● PROVIDED DATA:
lemma Cauchy_Riemann_imp_holomorphic:
  fixes a b au av bu bv :: "real \<Rightarrow> real \<Rightarrow> real"
  assumes au: "\<And>u v. ((\<lambda>t. a t v) has_real_derivative au u v) (at u)"
    and av: "\<And>u v. ((\<lambda>t. a u t) has_real_derivative av u v) (at v)"
    and bu: "\<And>u v. ((\<lambda>t. b t v) has_real_derivative bu u v) (at u)"
    and bv: "\<And>u v. ((\<lambda>t. b u t) has_real_derivative bv u v) (at v)"
    and cont: "continuous_on UNIV (\<lambda>(u, v). av u v)" "continuous_on UNIV (\<lambda>(u, v). bv u v)"
    and CR: "\<And>u v. au u v = bv u v" "\<And>u v. av u v = - bu u v"
  shows "(\<lambda>z. Complex (a (Re z) (Im z)) (b (Re z) (Im z))) holomorphic_on UNIV"
proof -
  define c where "c u v = Complex (a u v) (b u v)" for u v
  define cu where "cu u v = Complex (au u v) (bu u v)" for u v
  define cv where "cv u v = Complex (av u v) (bv u v)" for u v
  have "((\<lambda>t. c t v) has_vector_derivative cu u v) (at u)" for u v
    unfolding c_def cu_def Complex_eq
    by (intro derivative_eq_intros has_vector_derivative_real_field) (auto intro: au bu)
  then have dcu: "((\<lambda>t. c t v) has_derivative (\<lambda>t. t *\<^sub>R cu u v)) (at u within UNIV)" for u v
    by (simp add: has_vector_derivative_def)
  have "((\<lambda>t. c u t) has_vector_derivative cv u v) (at v)" for u v
    unfolding c_def cv_def Complex_eq
    by (intro derivative_eq_intros has_vector_derivative_real_field) (auto intro: av bv)
  then have dcv: "((\<lambda>t. c u t) has_derivative blinfun_scaleR_left (cv u v)) (at v within UNIV)" for u v
    by (simp add: has_vector_derivative_def)
  have "continuous_on UNIV (\<lambda>(u, v). blinfun_scaleR_left (cv u v))"
    using cont unfolding cv_def Complex_eq by (auto intro!: continuous_intros simp: split_beta)
  then have ccv: "continuous (at (u, v) within UNIV \<times> UNIV) (\<lambda>(u, v). blinfun_scaleR_left (cv u v))" for u v
    by (simp add: continuous_on_eq_continuous_at)
  have dc: "((\<lambda>(u, v). c u v) has_derivative (\<lambda>(s, t). s *\<^sub>R cu u v + t *\<^sub>R cv u v)) (at (u, v))" for u v
    using has_derivative_partialsI[OF dcu dcv ccv UNIV_I convex_UNIV] by simp
  have "((\<lambda>z. c (Re z) (Im z)) has_field_derivative cu (Re z) (Im z)) (at z)" for z
  proof -
    have "((\<lambda>z. (Re z, Im z)) has_derivative (\<lambda>w. (Re w, Im w))) (at z)"
      by (intro derivative_eq_intros) auto
    from has_derivative_compose[OF this dc]
    have "((\<lambda>z. c (Re z) (Im z)) has_derivative
        (\<lambda>w. Re w *\<^sub>R cu (Re z) (Im z) + Im w *\<^sub>R cv (Re z) (Im z))) (at z)"
      by simp
    moreover have "(\<lambda>w. Re w *\<^sub>R cu (Re z) (Im z) + Im w *\<^sub>R cv (Re z) (Im z)) = (*) (cu (Re z) (Im z))"
      by (auto simp: fun_eq_iff cu_def cv_def CR complex_eq_iff)
    ultimately show ?thesis
      by (simp add: has_field_derivative_def)
  qed
  then show ?thesis
    unfolding c_def[symmetric] holomorphic_on_def field_differentiable_def by auto
qed

lemma holomorphic_Re_Im_partials:
  assumes "H holomorphic_on UNIV"
  shows "((\<lambda>t. Re (H (Complex t v))) has_real_derivative Re (deriv H (Complex u v))) (at u)"
    and "((\<lambda>t. Im (H (Complex t v))) has_real_derivative Im (deriv H (Complex u v))) (at u)"
    and "((\<lambda>t. Re (H (Complex u t))) has_real_derivative - Im (deriv H (Complex u v))) (at v)"
    and "((\<lambda>t. Im (H (Complex u t))) has_real_derivative Re (deriv H (Complex u v))) (at v)"
proof -
  have dH: "(H has_field_derivative deriv H z) (at z)" for z
    using assms by (auto intro: holomorphic_derivI)
  have "((\<lambda>t. Complex t v) has_vector_derivative 1) (at u)"
    unfolding Complex_eq by (auto intro!: derivative_eq_intros has_vector_derivative_real_field)
  from field_vector_diff_chain_at[OF this dH]
  have du: "((\<lambda>t. H (Complex t v)) has_vector_derivative deriv H (Complex u v)) (at u)"
    by (simp add: o_def)
  have "((\<lambda>t. Complex u t) has_vector_derivative \<i>) (at v)"
    unfolding Complex_eq by (auto intro!: derivative_eq_intros has_vector_derivative_real_field)
  from field_vector_diff_chain_at[OF this dH]
  have dv: "((\<lambda>t. H (Complex u t)) has_vector_derivative \<i> * deriv H (Complex u v)) (at v)"
    by (simp add: o_def)
  note Re = bounded_linear.has_vector_derivative[OF bounded_linear_Re]
  note Im = bounded_linear.has_vector_derivative[OF bounded_linear_Im]
  show "((\<lambda>t. Re (H (Complex t v))) has_real_derivative Re (deriv H (Complex u v))) (at u)"
    using Re[OF du] by (simp add: has_real_derivative_iff_has_vector_derivative)
  show "((\<lambda>t. Im (H (Complex t v))) has_real_derivative Im (deriv H (Complex u v))) (at u)"
    using Im[OF du] by (simp add: has_real_derivative_iff_has_vector_derivative)
  show "((\<lambda>t. Re (H (Complex u t))) has_real_derivative - Im (deriv H (Complex u v))) (at v)"
    using Re[OF dv] by (simp add: has_real_derivative_iff_has_vector_derivative)
  show "((\<lambda>t. Im (H (Complex u t))) has_real_derivative Re (deriv H (Complex u v))) (at v)"
    using Im[OF dv] by (simp add: has_real_derivative_iff_has_vector_derivative)
qed

lemma continuous_on_deriv_Complex:
  assumes "H holomorphic_on UNIV"
  shows "continuous_on UNIV (\<lambda>(u, v). deriv H (Complex u v))"
proof -
  have "continuous_on UNIV (deriv H)"
    using assms by (intro holomorphic_on_imp_continuous_on holomorphic_deriv) auto
  then show ?thesis
    unfolding split_beta by (rule continuous_on_compose2) (intro continuous_intros | simp)+
qed

text \<open>\<open>H A\<close> is the coordinate of the stem function \<open>f\<^sub>0 + i f\<^sub>1\<close> at the blade \<open>e\<^sub>A\<close>, so that
  \<open>slice_ext H (u, w) = f\<^sub>0(u, |w|) + (w / |w|) f\<^sub>1(u, |w|)\<close>.\<close>
definition slice_ext ::
  "('n set \<Rightarrow> complex \<Rightarrow> complex) \<Rightarrow> real \<times> (real ^ ('n::{finite,linorder})) \<Rightarrow> 'n clif" where
  "slice_ext H x =
     (\<chi> A. Re (H A (Complex (fst x) (norm (snd x))))) +
     cmul (para (0, sgn (snd x))) (\<chi> A. Im (H A (Complex (fst x) (norm (snd x)))))"

lemma cmod_Complex_norm: "cmod (Complex u (norm w)) = norm (u, w)"
  by (simp add: norm_Pair complex_norm)

lemma slice_ext_diff:
  fixes H H' :: "'n::{finite,linorder} set \<Rightarrow> complex \<Rightarrow> complex"
  shows "slice_ext H x - slice_ext H' x = slice_ext (\<lambda>A z. H A z - H' A z) x"
proof -
  have "(\<chi> A. f A - g A) = (\<chi> A. f A) - (\<chi> A. g A)" for f g :: "'n set \<Rightarrow> real"
    by (simp add: vec_eq_iff)
  then show ?thesis
    by (simp add: slice_ext_def cmul_diff_right)
qed

lemma slice_ext_sphere:
  fixes H :: "'n::{finite,linorder} set \<Rightarrow> complex \<Rightarrow> complex"
  assumes conj: "\<And>A z. H A (cnj z) = cnj (H A z)" and j: "j \<in> sphereS"
  shows "slice_ext H (u, v *\<^sub>R j) =
    (\<chi> A. Re (H A (Complex u v))) + cmul (para (0, j)) (\<chi> A. Im (H A (Complex u v)))"
proof -
  have j1: "norm j = 1" using j by (simp add: sphereS_def)
  consider "v > 0" | "v = 0" | "v < 0" by linarith
  then show ?thesis
  proof cases
    case 1
    then show ?thesis using j1 by (simp add: slice_ext_def sgn_scaleR sgn_div_norm)
  next
    case 2
    have "cnj (Complex u 0) = Complex u 0"
      by (simp add: complex_eq_iff)
    then have "Im (H A (Complex u 0)) = 0" for A
      using conj[of A "Complex u 0"] by (metis Reals_cnj_iff complex_is_Real_iff)
    moreover have "(\<chi> A. 0) = (0 :: 'n clif)"
      by (simp add: vec_eq_iff)
    ultimately show ?thesis
      using 2 by (simp add: slice_ext_def)
  next
    case 3
    have "Complex u (- v) = cnj (Complex u v)" by (simp add: complex_eq_iff)
    then have "(\<chi> A. Im (H A (Complex u (- v)))) = - (\<chi> A. Im (H A (Complex u v)))"
      and "(\<chi> A. Re (H A (Complex u (- v)))) = (\<chi> A. Re (H A (Complex u v)))"
      by (simp_all add: conj vec_eq_iff)
    with 3 j1 show ?thesis
      by (simp add: slice_ext_def sgn_scaleR sgn_div_norm para_uminus cmul_minus_left cmul_minus_right)
  qed
qed

lemma norm_slice_ext_le:
  fixes H :: "'n::{finite,linorder} set \<Rightarrow> complex \<Rightarrow> complex"
  shows "norm (slice_ext H x) \<le>
    (1 + real CARD('n set) ^ 3) * (\<Sum>A\<in>UNIV. cmod (H A (Complex (fst x) (norm (snd x)))))"
proof -
  define z where "z = Complex (fst x) (norm (snd x))"
  define S where "S = (\<Sum>A\<in>UNIV. cmod (H A z))"
  define N where "N = real CARD('n set)"
  have Re: "norm (\<chi> A. Re (H A z)) \<le> S"
    unfolding S_def by (rule order_trans[OF norm_le_l1_cart]) (auto intro!: sum_mono abs_Re_le_cmod)
  have Im: "norm (\<chi> A. Im (H A z)) \<le> S"
    unfolding S_def by (rule order_trans[OF norm_le_l1_cart]) (auto intro!: sum_mono abs_Im_le_cmod)
  have "norm (para (0, sgn (snd x))) \<le> N * norm (sgn (snd x))"
    unfolding N_def by (rule norm_para_le)
  also have "\<dots> \<le> N"
    by (simp add: N_def norm_sgn)
  finally have para: "norm (para (0, sgn (snd x))) \<le> N" .
  have "norm (cmul (para (0, sgn (snd x))) (\<chi> A. Im (H A z))) \<le>
      N ^ 2 * norm (para (0, sgn (snd x))) * norm (\<chi> A. Im (H A z))"
    unfolding N_def by (rule norm_cmul_le)
  also have "\<dots> \<le> N ^ 2 * N * S"
    using para Im by (intro mult_mono) (auto simp: N_def)
  finally have "norm (cmul (para (0, sgn (snd x))) (\<chi> A. Im (H A z))) \<le> N ^ 3 * S"
    by (simp add: power3_eq_cube power2_eq_square)
  with Re have "norm (slice_ext H x) \<le> S + N ^ 3 * S"
    unfolding slice_ext_def z_def[symmetric] by (smt (verit) norm_triangle_ineq)
  then show ?thesis
    by (simp add: S_def z_def N_def algebra_simps)
qed
lemma in_step_stage_below:
  assumes "mono F" "x \<in> lfp F"
  shows "x \<in> F (stage_below F x)"
proof (rule ccontr)
  assume "x \<notin> F (stage_below F x)"
  then have "F (stage_below F x) \<subseteq> stage_below F x"
    using ccpo_class.iterates.step[OF stage_below_in_iterates[OF assms(1)]]
    unfolding stage_below_def by blast
  then have "lfp F \<subseteq> stage_below F x"
    by (rule lfp_lowerbound)
  then show False
    using assms(2) not_in_stage_below[of x F] by blast
qed

lemma lfp_rank_induct:
  assumes "mono F" "x \<in> lfp F"
    and step: "\<And>x. x \<in> lfp F \<Longrightarrow> (\<And>y. y \<in> stage_below F x \<Longrightarrow> P y) \<Longrightarrow> P x"
  shows "P x"
proof -
  have "\<forall>x\<in>X. P x" if "X \<in> ccpo_class.iterates F" for X
    using that
  proof (induction rule: ccpo_class.iterates.induct)
    case (step X)
    show ?case
    proof
      fix x assume x: "x \<in> F X"
      show "P x"
      proof (cases "x \<in> X")
        case False
        have "stage_below F x \<subseteq> X"
          using iterates_cmp[OF assms(1) step.hyps(1) stage_below_in_iterates[OF assms(1)]]
            x not_in_stage_below[of x F] by blast
        moreover have "F X \<subseteq> lfp F"
          unfolding lfp_eq_Union_iterates[OF assms(1)]
          by (rule Union_upper[OF ccpo_class.iterates.step[OF step.hyps(1)]])
        ultimately show ?thesis
          using x step.IH by - (rule assms(3), blast+)
      qed (use step.IH in blast)
    qed
  qed blast
  then show ?thesis
    using assms(2) unfolding lfp_eq_Union_iterates[OF assms(1)] by blast
qed

section \<open>Games for positive trees\<close>

text \<open>In the game at \<open>\<eta>\<close> the builder needs a \<open>J (length \<eta>)\<close>-positive set of one-step
  extensions, every position reached having to satisfy \<open>P\<close>; \<open>losing\<close> is the set of positions
  from which the builder cannot keep this up forever.\<close>

definition losing_step ::
  "(nat \<Rightarrow> 'a::order) \<Rightarrow> (nat \<Rightarrow> 'a set set) \<Rightarrow> ('a list \<Rightarrow> bool) \<Rightarrow> 'a list set \<Rightarrow> 'a list set" where
  "losing_step \<mu> J P X = {\<eta>. \<not> P \<eta> \<or> {\<alpha>. \<alpha> < \<mu> (length \<eta>) \<and> \<eta> @ [\<alpha>] \<notin> X} \<in> J (length \<eta>)}"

● EXERCISE DETAILS: Reproduce word for word the lines of the records above, beginning at the first and ending with the line where "intro: au bu)" appears, and nothing past it.

● REPLY:
lemma Cauchy_Riemann_imp_holomorphic:
  fixes a b au av bu bv :: "real \<Rightarrow> real \<Rightarrow> real"
  assumes au: "\<And>u v. ((\<lambda>t. a t v) has_real_derivative au u v) (at u)"
    and av: "\<And>u v. ((\<lambda>t. a u t) has_real_derivative av u v) (at v)"
    and bu: "\<And>u v. ((\<lambda>t. b t v) has_real_derivative bu u v) (at u)"
    and bv: "\<And>u v. ((\<lambda>t. b u t) has_real_derivative bv u v) (at v)"
    and cont: "continuous_on UNIV (\<lambda>(u, v). av u v)" "continuous_on UNIV (\<lambda>(u, v). bv u v)"
    and CR: "\<And>u v. au u v = bv u v" "\<And>u v. av u v = - bu u v"
  shows "(\<lambda>z. Complex (a (Re z) (Im z)) (b (Re z) (Im z))) holomorphic_on UNIV"
proof -
  define c where "c u v = Complex (a u v) (b u v)" for u v
  define cu where "cu u v = Complex (au u v) (bu u v)" for u v
  define cv where "cv u v = Complex (av u v) (bv u v)" for u v
  have "((\<lambda>t. c t v) has_vector_derivative cu u v) (at u)" for u v
    unfolding c_def cu_def Complex_eq
    by (intro derivative_eq_intros has_vector_derivative_real_field) (auto intro: au bu)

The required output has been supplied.